Saved data entries:
★ ★ ★

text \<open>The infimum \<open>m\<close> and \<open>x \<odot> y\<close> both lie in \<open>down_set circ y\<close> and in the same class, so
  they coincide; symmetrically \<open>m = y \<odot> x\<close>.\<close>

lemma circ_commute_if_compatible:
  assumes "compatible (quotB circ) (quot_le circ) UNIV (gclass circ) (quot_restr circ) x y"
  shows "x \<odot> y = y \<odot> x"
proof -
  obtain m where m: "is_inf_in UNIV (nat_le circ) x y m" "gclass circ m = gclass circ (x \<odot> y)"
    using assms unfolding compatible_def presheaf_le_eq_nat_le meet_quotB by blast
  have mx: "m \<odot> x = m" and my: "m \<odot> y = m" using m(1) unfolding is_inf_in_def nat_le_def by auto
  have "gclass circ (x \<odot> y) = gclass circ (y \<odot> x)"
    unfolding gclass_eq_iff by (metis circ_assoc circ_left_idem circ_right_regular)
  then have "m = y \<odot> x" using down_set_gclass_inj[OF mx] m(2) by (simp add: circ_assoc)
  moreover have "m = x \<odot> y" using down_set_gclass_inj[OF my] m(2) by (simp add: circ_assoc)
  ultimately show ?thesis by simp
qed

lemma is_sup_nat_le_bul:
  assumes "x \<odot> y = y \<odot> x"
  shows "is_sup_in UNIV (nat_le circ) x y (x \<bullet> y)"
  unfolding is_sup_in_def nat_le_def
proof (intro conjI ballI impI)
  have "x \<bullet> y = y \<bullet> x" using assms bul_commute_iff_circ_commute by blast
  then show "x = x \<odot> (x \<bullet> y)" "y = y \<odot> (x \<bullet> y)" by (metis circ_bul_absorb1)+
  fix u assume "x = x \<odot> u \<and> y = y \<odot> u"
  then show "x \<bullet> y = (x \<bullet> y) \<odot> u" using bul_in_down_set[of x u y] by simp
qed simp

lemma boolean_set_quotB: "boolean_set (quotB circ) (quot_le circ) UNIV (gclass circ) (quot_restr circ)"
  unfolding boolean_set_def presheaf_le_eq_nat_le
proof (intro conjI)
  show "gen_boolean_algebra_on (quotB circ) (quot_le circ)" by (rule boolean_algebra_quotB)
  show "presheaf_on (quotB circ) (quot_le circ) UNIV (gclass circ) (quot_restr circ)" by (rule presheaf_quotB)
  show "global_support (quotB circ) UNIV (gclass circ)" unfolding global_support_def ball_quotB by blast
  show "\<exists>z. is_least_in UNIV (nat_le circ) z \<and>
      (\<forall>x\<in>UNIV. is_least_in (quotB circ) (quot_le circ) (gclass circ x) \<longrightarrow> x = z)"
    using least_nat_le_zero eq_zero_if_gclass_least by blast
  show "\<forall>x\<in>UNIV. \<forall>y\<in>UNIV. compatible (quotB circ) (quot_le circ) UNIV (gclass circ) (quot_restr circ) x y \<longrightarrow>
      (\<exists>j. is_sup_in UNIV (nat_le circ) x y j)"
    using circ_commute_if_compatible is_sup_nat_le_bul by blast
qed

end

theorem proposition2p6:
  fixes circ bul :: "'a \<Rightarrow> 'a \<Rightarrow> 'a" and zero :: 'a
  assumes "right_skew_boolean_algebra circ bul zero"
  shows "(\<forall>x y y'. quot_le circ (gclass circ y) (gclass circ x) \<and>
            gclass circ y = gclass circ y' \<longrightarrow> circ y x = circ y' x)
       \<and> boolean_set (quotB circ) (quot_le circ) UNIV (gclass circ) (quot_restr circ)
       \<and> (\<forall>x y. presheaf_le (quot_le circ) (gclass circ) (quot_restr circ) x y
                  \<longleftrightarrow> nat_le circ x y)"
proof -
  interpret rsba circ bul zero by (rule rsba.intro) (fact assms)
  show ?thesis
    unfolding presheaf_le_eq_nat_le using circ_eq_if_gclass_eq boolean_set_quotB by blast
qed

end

★ ★ ★

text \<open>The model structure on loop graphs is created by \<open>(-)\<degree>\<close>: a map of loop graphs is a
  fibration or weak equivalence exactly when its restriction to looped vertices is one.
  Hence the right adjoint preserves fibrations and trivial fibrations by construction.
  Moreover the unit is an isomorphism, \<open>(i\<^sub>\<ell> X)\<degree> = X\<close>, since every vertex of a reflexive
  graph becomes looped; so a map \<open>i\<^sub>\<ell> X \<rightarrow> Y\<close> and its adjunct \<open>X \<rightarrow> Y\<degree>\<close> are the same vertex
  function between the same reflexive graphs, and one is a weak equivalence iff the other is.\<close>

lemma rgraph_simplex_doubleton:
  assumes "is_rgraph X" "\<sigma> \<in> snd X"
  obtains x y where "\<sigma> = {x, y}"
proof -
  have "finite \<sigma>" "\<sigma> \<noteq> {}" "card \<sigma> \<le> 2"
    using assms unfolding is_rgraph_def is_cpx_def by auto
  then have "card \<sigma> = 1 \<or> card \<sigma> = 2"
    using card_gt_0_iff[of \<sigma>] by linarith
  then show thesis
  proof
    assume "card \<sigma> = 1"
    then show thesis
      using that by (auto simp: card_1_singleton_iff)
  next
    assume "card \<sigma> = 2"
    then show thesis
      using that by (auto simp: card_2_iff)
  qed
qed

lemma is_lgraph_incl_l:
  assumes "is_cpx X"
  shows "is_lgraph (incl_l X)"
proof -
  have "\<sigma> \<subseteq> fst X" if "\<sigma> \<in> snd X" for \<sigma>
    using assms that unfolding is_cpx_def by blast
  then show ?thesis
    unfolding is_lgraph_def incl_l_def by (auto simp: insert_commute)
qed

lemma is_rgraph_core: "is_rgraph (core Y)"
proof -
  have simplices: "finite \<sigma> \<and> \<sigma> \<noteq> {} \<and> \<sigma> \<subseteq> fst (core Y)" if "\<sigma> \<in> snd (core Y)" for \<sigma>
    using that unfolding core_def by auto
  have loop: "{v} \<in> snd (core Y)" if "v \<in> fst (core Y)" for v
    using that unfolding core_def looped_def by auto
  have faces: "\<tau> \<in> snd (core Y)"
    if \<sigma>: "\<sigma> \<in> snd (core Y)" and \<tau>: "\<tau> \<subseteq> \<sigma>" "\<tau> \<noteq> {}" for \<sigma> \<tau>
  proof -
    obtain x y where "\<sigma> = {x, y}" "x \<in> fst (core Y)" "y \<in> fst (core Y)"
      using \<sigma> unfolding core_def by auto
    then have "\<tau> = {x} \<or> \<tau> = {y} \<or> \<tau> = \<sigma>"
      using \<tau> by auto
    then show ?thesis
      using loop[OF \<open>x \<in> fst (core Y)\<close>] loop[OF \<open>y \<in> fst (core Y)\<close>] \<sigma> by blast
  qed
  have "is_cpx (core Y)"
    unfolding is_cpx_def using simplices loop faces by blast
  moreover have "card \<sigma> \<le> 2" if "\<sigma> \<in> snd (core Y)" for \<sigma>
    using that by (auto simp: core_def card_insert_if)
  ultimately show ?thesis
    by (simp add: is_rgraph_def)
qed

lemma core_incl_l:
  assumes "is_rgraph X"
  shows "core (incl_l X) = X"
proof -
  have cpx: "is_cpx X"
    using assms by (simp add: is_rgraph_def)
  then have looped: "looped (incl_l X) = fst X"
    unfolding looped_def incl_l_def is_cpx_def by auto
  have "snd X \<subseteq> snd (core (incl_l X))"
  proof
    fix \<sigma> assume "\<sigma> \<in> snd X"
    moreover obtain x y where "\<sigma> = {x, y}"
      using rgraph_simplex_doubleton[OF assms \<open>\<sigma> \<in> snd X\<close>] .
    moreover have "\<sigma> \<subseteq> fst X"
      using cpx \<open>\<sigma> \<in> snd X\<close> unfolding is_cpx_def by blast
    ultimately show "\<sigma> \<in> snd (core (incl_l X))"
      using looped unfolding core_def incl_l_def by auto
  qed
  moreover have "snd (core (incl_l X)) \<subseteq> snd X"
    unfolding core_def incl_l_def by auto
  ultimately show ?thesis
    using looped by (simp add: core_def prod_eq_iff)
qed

★ ★ ★

• [DIRECTIONS]: Provide only the number of lines in the entries that hold the word "longrightarrow".

• [RESULT OF THE TASK]: 3